**Listed entries**
theorem lemma3p5:
  fixes \<epsilon> \<alpha> :: real and m :: nat
  assumes "0 < \<epsilon>" "\<epsilon> \<le> 1" "0 < \<alpha>" "\<alpha> < 1"
  shows "(\<lambda>x. complex_of_real (x^(2*m) * exp (- \<alpha> * x^2 / (2 * sqrt \<epsilon>)))) \<in> S_dom \<epsilon> \<and>
         S_graph \<epsilon> (\<lambda>x. complex_of_real (x^(2*m) * exp (- \<alpha> * x^2 / (2 * sqrt \<epsilon>))))
           (\<lambda>x. - (\<i> / complex_of_real (2 * sqrt \<epsilon>)) *
              complex_of_real (\<Sum>k\<le>m. real (m choose k) * (- 2 * sqrt \<epsilon>)^k *
                 (deriv ^^ k) (\<lambda>a. ln ((1 + a) / (1 - a))) \<alpha> *
                 x^(2*m - 2*k) * exp (- \<alpha> * x^2 / (2 * sqrt \<epsilon>))))"
    (is "?f \<in> _ \<and> S_graph _ ?f ?h")
proof -
  define c where "c = \<alpha> / (2 * sqrt \<epsilon>)"
  have "0 < sqrt \<epsilon>" "0 < c" "\<bar>\<alpha>\<bar> < 1" and \<alpha>: "\<alpha> = 2 * sqrt \<epsilon> * c"
    using assms by (simp_all add: c_def)
  have exponent: "- \<alpha> * x\<^sup>2 / (2 * sqrt \<epsilon>) = - c * x\<^sup>2" for x
    by (simp add: c_def)
  have power_eq: "x^(2 * m - 2 * k) = (x\<^sup>2)^(m - k)" for x :: real and k
    by (simp add: power_mult flip: diff_mult_distrib2)
  have f: "?f = t_iter m c 0"
    unfolding fun_eq_iff t_iter_0 exponent by simp
  have h: "?h = (\<lambda>x. - of_real (1 / sqrt \<epsilon>) * gauss_comb m c (S_limit_coeff m (sqrt \<epsilon>) \<alpha>) x)"
    unfolding fun_eq_iff exponent power_eq using \<open>0 < sqrt \<epsilon>\<close>
    by (simp add: gauss_comb_def S_limit_coeff_def sum_distrib_left field_simps)
  have "S_graph \<epsilon> ?f ?h"
    unfolding f h using \<open>0 < c\<close> \<alpha> \<open>\<bar>\<alpha>\<bar> < 1\<close> by (rule S_graph_t_iter)
  then show ?thesis
    unfolding S_dom_def by blast
qed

**Task instructions**
Return the listing in full, exactly.

**Written solution**
theorem lemma3p5:
  fixes \<epsilon> \<alpha> :: real and m :: nat
  assumes "0 < \<epsilon>" "\<epsilon> \<le> 1" "0 < \<alpha>" "\<alpha> < 1"
  shows "(\<lambda>x. complex_of_real (x^(2*m) * exp (- \<alpha> * x^2 / (2 * sqrt \<epsilon>)))) \<in> S_dom \<epsilon> \<and>
         S_graph \<epsilon> (\<lambda>x. complex_of_real (x^(2*m) * exp (- \<alpha> * x^2 / (2 * sqrt \<epsilon>))))
           (\<lambda>x. - (\<i> / complex_of_real (2 * sqrt \<epsilon>)) *
              complex_of_real (\<Sum>k\<le>m. real (m choose k) * (- 2 * sqrt \<epsilon>)^k *
                 (deriv ^^ k) (\<lambda>a. ln ((1 + a) / (1 - a))) \<alpha> *
                 x^(2*m - 2*k) * exp (- \<alpha> * x^2 / (2 * sqrt \<epsilon>))))"
    (is "?f \<in> _ \<and> S_graph _ ?f ?h")
proof -
  define c where "c = \<alpha> / (2 * sqrt \<epsilon>)"
  have "0 < sqrt \<epsilon>" "0 < c" "\<bar>\<alpha>\<bar> < 1" and \<alpha>: "\<alpha> = 2 * sqrt \<epsilon> * c"
    using assms by (simp_all add: c_def)
  have exponent: "- \<alpha> * x\<^sup>2 / (2 * sqrt \<epsilon>) = - c * x\<^sup>2" for x
    by (simp add: c_def)
  have power_eq: "x^(2 * m - 2 * k) = (x\<^sup>2)^(m - k)" for x :: real and k
    by (simp add: power_mult flip: diff_mult_distrib2)
  have f: "?f = t_iter m c 0"
    unfolding fun_eq_iff t_iter_0 exponent by simp
  have h: "?h = (\<lambda>x. - of_real (1 / sqrt \<epsilon>) * gauss_comb m c (S_limit_coeff m (sqrt \<epsilon>) \<alpha>) x)"
    unfolding fun_eq_iff exponent power_eq using \<open>0 < sqrt \<epsilon>\<close>
    by (simp add: gauss_comb_def S_limit_coeff_def sum_distrib_left field_simps)
  have "S_graph \<epsilon> ?f ?h"
    unfolding f h using \<open>0 < c\<close> \<alpha> \<open>\<bar>\<alpha>\<bar> < 1\<close> by (rule S_graph_t_iter)
  then show ?thesis
    unfolding S_dom_def by blast
qed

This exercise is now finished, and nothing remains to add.